→ What is needed
Every line that contains the word "dots" should be copied from the records below.

Provided records Start Marker

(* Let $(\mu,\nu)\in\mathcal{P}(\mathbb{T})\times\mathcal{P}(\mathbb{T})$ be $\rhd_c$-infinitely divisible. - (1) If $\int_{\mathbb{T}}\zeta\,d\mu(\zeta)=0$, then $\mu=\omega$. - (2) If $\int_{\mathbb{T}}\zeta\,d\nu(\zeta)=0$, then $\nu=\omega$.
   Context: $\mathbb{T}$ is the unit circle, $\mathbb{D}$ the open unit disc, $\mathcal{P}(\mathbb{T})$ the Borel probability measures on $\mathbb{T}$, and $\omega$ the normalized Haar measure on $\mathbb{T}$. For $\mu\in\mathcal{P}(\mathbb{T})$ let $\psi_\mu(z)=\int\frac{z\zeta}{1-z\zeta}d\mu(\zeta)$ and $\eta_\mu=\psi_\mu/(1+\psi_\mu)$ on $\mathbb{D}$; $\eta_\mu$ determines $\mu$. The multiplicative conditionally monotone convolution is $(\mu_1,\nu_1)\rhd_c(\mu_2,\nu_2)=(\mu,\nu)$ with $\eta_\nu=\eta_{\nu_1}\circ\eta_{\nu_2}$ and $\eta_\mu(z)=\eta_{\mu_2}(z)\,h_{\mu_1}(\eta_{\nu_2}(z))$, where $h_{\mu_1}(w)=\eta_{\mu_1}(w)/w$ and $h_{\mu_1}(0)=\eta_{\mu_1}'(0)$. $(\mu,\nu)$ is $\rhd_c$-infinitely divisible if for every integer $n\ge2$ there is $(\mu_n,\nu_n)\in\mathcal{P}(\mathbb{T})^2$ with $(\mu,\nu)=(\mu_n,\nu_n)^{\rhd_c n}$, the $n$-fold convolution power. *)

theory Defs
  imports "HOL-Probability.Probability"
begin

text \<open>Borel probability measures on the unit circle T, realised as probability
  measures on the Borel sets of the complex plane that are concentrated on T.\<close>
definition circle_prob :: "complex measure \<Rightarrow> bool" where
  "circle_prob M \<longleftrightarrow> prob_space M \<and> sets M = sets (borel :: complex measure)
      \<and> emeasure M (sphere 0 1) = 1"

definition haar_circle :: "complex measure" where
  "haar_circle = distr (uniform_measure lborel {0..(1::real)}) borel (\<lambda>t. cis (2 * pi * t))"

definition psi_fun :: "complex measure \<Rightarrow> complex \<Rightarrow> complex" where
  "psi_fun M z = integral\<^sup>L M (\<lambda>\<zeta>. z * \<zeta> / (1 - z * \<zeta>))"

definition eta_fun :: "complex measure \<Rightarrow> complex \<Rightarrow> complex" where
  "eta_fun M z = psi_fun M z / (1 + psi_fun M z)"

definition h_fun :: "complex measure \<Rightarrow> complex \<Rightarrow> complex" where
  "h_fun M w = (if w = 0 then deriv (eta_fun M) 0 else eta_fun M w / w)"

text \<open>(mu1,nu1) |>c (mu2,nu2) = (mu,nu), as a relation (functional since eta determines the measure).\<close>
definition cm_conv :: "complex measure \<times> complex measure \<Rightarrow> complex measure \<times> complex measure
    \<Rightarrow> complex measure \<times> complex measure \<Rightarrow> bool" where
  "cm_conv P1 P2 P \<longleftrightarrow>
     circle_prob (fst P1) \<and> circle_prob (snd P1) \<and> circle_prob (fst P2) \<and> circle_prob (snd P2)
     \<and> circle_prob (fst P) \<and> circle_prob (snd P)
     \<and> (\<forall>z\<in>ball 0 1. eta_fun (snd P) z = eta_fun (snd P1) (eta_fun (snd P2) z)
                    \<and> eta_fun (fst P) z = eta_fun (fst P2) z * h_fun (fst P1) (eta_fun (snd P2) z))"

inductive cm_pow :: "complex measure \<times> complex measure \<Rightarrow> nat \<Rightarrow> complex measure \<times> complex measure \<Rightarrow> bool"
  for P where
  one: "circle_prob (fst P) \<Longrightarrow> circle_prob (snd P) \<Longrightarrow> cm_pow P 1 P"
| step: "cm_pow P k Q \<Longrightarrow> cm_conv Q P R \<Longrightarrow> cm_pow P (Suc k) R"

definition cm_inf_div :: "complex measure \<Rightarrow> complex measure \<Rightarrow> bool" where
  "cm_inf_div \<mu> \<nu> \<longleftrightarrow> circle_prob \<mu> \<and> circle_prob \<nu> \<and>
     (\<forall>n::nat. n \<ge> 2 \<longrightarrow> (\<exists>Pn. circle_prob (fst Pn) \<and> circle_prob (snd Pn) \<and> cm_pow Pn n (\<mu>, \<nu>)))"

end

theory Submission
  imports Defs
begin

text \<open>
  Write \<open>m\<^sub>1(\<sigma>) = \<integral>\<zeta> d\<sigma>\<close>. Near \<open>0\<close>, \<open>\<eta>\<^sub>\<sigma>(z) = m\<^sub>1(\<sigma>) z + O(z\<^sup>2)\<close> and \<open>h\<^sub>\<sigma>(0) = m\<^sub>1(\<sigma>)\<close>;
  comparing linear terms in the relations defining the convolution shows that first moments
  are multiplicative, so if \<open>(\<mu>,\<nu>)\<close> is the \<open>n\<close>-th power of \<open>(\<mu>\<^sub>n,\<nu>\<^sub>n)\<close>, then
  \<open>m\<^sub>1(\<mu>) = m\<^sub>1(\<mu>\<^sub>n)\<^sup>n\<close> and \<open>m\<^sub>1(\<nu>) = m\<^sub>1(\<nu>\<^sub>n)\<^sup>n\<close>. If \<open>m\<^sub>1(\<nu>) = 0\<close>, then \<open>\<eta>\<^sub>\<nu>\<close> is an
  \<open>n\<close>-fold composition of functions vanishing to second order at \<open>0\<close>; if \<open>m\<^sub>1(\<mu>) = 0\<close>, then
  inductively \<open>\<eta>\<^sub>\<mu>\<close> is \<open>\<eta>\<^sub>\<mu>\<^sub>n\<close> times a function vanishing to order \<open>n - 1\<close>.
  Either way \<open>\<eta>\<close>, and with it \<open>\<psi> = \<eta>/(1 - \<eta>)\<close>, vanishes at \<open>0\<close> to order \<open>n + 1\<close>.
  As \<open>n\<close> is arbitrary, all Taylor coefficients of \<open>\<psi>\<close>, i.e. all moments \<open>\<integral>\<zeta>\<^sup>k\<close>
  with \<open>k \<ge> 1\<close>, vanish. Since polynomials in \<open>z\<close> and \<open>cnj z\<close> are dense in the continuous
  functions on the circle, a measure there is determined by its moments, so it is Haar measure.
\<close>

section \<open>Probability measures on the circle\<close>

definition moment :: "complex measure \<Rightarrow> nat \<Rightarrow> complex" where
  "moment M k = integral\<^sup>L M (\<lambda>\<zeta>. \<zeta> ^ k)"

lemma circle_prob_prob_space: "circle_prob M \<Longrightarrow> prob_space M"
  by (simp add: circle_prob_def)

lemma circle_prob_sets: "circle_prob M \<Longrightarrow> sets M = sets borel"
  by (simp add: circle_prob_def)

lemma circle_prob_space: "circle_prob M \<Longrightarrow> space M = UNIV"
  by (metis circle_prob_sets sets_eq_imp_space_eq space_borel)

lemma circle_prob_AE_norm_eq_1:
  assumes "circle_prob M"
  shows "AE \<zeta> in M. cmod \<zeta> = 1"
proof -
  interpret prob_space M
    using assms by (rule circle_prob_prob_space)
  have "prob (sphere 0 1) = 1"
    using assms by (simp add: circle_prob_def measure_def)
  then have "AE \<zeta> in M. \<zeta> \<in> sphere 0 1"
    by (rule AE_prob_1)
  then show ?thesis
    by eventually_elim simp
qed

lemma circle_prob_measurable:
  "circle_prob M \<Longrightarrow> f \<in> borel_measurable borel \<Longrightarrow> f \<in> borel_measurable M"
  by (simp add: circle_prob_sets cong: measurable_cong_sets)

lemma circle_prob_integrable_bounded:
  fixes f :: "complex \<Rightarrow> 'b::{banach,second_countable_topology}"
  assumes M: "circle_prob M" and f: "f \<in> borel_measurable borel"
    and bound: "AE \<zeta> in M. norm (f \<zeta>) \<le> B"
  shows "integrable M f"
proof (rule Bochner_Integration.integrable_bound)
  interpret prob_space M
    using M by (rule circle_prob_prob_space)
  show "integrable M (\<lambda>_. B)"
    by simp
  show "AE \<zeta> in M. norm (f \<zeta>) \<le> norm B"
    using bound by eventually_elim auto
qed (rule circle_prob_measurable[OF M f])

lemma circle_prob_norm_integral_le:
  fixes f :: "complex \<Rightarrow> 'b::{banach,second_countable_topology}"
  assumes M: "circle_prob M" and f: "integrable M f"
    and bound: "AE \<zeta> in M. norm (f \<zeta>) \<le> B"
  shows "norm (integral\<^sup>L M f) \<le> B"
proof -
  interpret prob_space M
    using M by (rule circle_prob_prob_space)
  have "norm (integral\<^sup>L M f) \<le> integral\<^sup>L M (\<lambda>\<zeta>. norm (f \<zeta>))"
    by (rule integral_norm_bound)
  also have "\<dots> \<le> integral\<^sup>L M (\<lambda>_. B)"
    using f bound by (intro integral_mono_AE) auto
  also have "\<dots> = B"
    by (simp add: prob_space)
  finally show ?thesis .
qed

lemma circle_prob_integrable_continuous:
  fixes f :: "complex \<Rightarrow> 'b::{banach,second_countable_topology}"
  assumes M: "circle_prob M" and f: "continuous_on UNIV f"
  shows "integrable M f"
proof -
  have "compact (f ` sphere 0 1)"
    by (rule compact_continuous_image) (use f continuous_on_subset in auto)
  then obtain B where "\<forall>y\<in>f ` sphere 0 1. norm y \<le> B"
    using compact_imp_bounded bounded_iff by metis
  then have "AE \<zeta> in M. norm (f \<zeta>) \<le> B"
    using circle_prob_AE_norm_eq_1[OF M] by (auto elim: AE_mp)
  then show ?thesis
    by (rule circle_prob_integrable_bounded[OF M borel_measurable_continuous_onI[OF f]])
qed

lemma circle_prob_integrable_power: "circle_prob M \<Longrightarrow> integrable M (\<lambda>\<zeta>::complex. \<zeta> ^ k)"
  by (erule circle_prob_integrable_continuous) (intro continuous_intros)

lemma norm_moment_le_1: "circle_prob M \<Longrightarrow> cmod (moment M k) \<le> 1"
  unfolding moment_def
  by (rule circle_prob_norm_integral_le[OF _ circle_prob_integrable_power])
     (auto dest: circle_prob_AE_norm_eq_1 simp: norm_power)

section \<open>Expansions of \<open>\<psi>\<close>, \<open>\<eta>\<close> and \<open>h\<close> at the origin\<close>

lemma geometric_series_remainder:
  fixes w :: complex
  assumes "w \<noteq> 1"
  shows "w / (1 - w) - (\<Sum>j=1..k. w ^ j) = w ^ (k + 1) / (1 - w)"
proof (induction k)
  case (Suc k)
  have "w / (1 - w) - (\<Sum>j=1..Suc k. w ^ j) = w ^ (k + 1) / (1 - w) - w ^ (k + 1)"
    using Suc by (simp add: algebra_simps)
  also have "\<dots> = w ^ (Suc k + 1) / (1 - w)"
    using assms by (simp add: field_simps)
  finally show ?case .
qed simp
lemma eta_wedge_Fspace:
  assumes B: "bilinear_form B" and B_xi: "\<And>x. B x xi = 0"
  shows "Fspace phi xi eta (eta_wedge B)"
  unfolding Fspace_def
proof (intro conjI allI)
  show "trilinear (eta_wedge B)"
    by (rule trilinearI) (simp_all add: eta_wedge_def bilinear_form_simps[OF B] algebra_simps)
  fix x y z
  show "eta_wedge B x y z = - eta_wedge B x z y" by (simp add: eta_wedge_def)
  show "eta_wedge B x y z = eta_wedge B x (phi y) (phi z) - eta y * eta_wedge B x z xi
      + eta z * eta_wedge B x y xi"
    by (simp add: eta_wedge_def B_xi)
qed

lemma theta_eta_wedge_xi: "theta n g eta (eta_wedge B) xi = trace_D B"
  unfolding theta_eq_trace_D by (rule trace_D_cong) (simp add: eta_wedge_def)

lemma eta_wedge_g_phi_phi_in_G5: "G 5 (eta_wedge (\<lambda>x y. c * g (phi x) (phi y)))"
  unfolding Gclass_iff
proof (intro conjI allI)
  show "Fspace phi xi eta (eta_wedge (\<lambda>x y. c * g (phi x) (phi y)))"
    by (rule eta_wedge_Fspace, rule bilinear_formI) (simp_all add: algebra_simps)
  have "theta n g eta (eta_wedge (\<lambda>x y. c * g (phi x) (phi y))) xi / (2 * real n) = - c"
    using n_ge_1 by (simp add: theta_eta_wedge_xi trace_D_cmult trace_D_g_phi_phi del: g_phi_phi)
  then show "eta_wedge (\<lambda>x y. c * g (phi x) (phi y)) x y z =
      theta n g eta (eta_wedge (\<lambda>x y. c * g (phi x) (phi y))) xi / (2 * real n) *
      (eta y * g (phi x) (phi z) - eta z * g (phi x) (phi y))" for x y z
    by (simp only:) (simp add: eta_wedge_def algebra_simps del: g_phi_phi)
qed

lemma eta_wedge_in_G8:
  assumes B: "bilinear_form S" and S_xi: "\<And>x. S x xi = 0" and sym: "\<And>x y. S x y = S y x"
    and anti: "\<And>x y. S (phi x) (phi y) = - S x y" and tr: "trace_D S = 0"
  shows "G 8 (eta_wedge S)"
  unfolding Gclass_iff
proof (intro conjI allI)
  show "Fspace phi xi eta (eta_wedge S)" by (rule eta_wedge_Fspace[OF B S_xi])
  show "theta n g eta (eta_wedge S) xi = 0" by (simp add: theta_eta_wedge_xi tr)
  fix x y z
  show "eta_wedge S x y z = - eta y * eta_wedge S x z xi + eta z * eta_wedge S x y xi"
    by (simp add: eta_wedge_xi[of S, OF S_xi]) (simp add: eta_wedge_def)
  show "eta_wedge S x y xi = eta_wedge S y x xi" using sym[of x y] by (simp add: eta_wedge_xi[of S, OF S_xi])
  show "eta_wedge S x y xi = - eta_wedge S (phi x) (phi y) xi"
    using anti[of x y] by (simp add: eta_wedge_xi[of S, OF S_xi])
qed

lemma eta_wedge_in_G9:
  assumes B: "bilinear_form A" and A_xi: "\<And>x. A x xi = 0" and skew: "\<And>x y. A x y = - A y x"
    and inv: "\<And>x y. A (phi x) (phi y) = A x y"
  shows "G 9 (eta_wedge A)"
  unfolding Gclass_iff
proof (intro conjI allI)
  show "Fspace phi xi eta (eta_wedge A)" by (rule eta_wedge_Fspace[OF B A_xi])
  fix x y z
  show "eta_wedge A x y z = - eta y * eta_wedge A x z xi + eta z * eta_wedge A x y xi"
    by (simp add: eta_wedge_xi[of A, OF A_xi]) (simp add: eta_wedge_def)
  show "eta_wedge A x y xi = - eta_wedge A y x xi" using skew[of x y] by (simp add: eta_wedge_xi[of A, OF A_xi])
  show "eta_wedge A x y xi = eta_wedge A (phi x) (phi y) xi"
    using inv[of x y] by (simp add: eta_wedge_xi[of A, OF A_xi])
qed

Provided records End Marker

→ Answer section
  also have "\<dots> \<le> integral\<^sup>L M (\<lambda>_. B)"
  also have "\<dots> = B"
  also have "\<dots> = w ^ (Suc k + 1) / (1 - w)"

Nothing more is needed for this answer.